Not quite.
There are definitely a lot of IF pieces that are focused on simulation and emergent gameplay—Emily Short’s Metamorphoses is a famous example, and her Counterfeit Monkey might be the largest simulation-focused IF in the world—but especially in the early days, that wasn’t necessarily the norm. The original Adventure didn’t have any real simulation of containers, or of liquids, for example; there’s no general model of how one thing can be “in” another thing, just special cases coded in for the bird in the cage, and the water/oil in the bottle. All of Scott Adams’s games are the same way.
But this isn’t necessarily a deficit either! If you look at Jason Dyer’s writeups of the various early Adventure offshoots, you’ll see that the ones that tried to accurately model containment generally made the experience worse for the player, because the general system makes it annoying and tedious to handle things that were previously special-cased to work exactly as you’d expect!

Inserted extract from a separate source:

(* Under the strong-coordination polar coding scheme described in the context, $$\mathbb{D}\Big(\widetilde p_{X_{1:k}^{1:N}Y_{1:k}^{1:N}}\,\Big\|\,\prod_{i=1}^k\widetilde p_{X_i^{1:N}Y_i^{1:N}}\Big)\le(k-1)\,\delta_N^{(C)},$$ where $\delta_N^{(C)}=O(N^{9/4}\delta_N^{1/4})$ is a quantity (independent of $i,k$) bounding, for every $i\in\{2,\dots,k\}$, $\mathbb{D}(\widetilde p_{X_{i-1:i}^{1:N}Y_{i-1:i}^{1:N}\bar C_1}\|\widetilde p_{Y_{i-1}^{1:N}X_{i-1}^{1:N}}\widetilde p_{X_i^{1:N}Y_i^{1:N}\bar C_1})$.
   Context: All logarithms base 2, entropies in bits; $\mathbb{D}$ is Kullback–Leibler divergence. $\widetilde p_{X_{1:k}^{1:N}Y_{1:k}^{1:N}}$ is the joint law of $(X_i^{1:N},\widetilde Y_i^{1:N})_{i=1}^k$. For a vector $a^{1:N}$ and index set $\mathcal{A}$, $a^{1:N}[\mathcal{A}]$ is the subvector indexed by $\mathcal{A}$. Setting (strong coordination scheme): Let $q_{XYV}$ be a distribution on finite $\mathcal{X}\times\mathcal{Y}\times\mathcal{V}$ with $X\to V\to Y$ a Markov chain and $|\mathcal{Y}|,|\mathcal{V}|$ prime (identified with $\mathbb{F}_{|\mathcal{Y}|},\mathbb{F}_{|\mathcal{V}|}$). Let $N=2^n$, $G_n=\begin{bmatrix}1&0\\1&1\end{bmatrix}^{\otimes n}$, $(X^{1:N},Y^{1:N},V^{1:N})$ i.i.d. $q_{XYV}$, $U^{1:N}=V^{1:N}G_n$, $T^{1:N}=Y^{1:N}G_n$. Fix $\beta\in(0,1/2)$, $\delta_N=2^{-N^\beta}$, and $\mathcal{H}_V=\{j:H(U^j|U^{1:j-1})>\delta_N\}$, $\mathcal{V}_{V|X}=\{j:H(U^j|U^{1:j-1}X^{1:N})>\log|\mathcal{V}|-\delta_N\}$, $\mathcal{V}_{Y|V}=\{j:H(T^j|T^{1:j-1}V^{1:N})>\log|\mathcal{Y}|-\delta_N\}$, $\mathcal{V}_{V|XY}=\{j:H(U^j|U^{1:j-1}X^{1:N}Y^{1:N})>\log|\mathcal{V}|-\delta_N\}$; $\mathcal{F}_1=\mathcal{H}_V^c$, $\mathcal{F}_2=\mathcal{V}_{V|XY}$, $\mathcal{F}_3=\mathcal{V}_{V|X}\setminus\mathcal{V}_{V|XY}$, $\mathcal{F}_4=\mathcal{H}_V\setminus\mathcal{V}_{V|X}$. Over $k$ blocks, Node 1 observes $X_i^{1:N}$ i.i.d. $q_X$, independent across blocks. Common randomness: $\bar C_1$ uniform on $\mathcal{V}^{|\mathcal{F}_2|}$ and $C_1,\dots,C_k$ uniform on $\mathcal{V}^{|\mathcal{F}_3|}$, all independent. In block $i$, Node 1 sets $\widetilde U_i^{1:N}[\mathcal{F}_2]=\bar C_1$, $\widetilde U_i^{1:N}[\mathcal{F}_3]=C_i$, and for remaining $j$ in increasing order draws $\widetilde U_i^j$ from $q_{U^j|U^{1:j-1}}(\cdot|\widetilde U_i^{1:j-1})$ if $j\in\mathcal{F}_1$ and from $q_{U^j|U^{1:j-1}X^{1:N}}(\cdot|\widetilde U_i^{1:j-1},X_i^{1:N})$ if $j\in\mathcal{F}_4$. It sends $M_i=\widetilde U_i^{1:N}[\mathcal{F}_4]$ and the randomness $C_i'$ used for $\widetilde U_i^{1:N}[\mathcal{F}_1]$. Node 2 reconstructs $\widetilde U_i^{1:N}$, sets $\widetilde V_i^{1:N}=\widetilde U_i^{1:N}G_n$, then for $j=1,\dots,N$ draws $\widetilde T_i^j$ uniformly on $\mathcal{Y}$ if $j\in\mathcal{V}_{Y|V}$ and from $q_{T^j|T^{1:j-1}V^{1:N}}(\cdot|\widetilde T_i^{1:j-1},\widetilde V_i^{1:N})$ otherwise (fresh local randomness), and outputs $\widetilde Y_i^{1:N}=\widetilde T_i^{1:N}G_n$. $\widetilde p$ denotes distributions induced by the scheme. *)

theory Defs
  imports "HOL-Probability.Probability"
begin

(Nor is this sort of world modelling reliant on a parser. A lot of Emily Short’s works are masterpieces of this “simulate a system and let the player interact with it” style, and her famous Galatea could work just the same with a choice interface. More recently, Choice of Games has gotten a reputation for choice-based games that track lots and lots of different stats to make every character’s story unique.)
Now, that’s not to say simulationism is bad. Far from it! I personally love building general systems rather than hardcoding special cases—Scroll Thief arose out of a desire to generalize all the special cases of Enchanter’s magic system and see if I could make puzzles out of it. But I don’t think it was as ubiquitous in early games as you make it sound, or that it’s disappeared in the modern scene.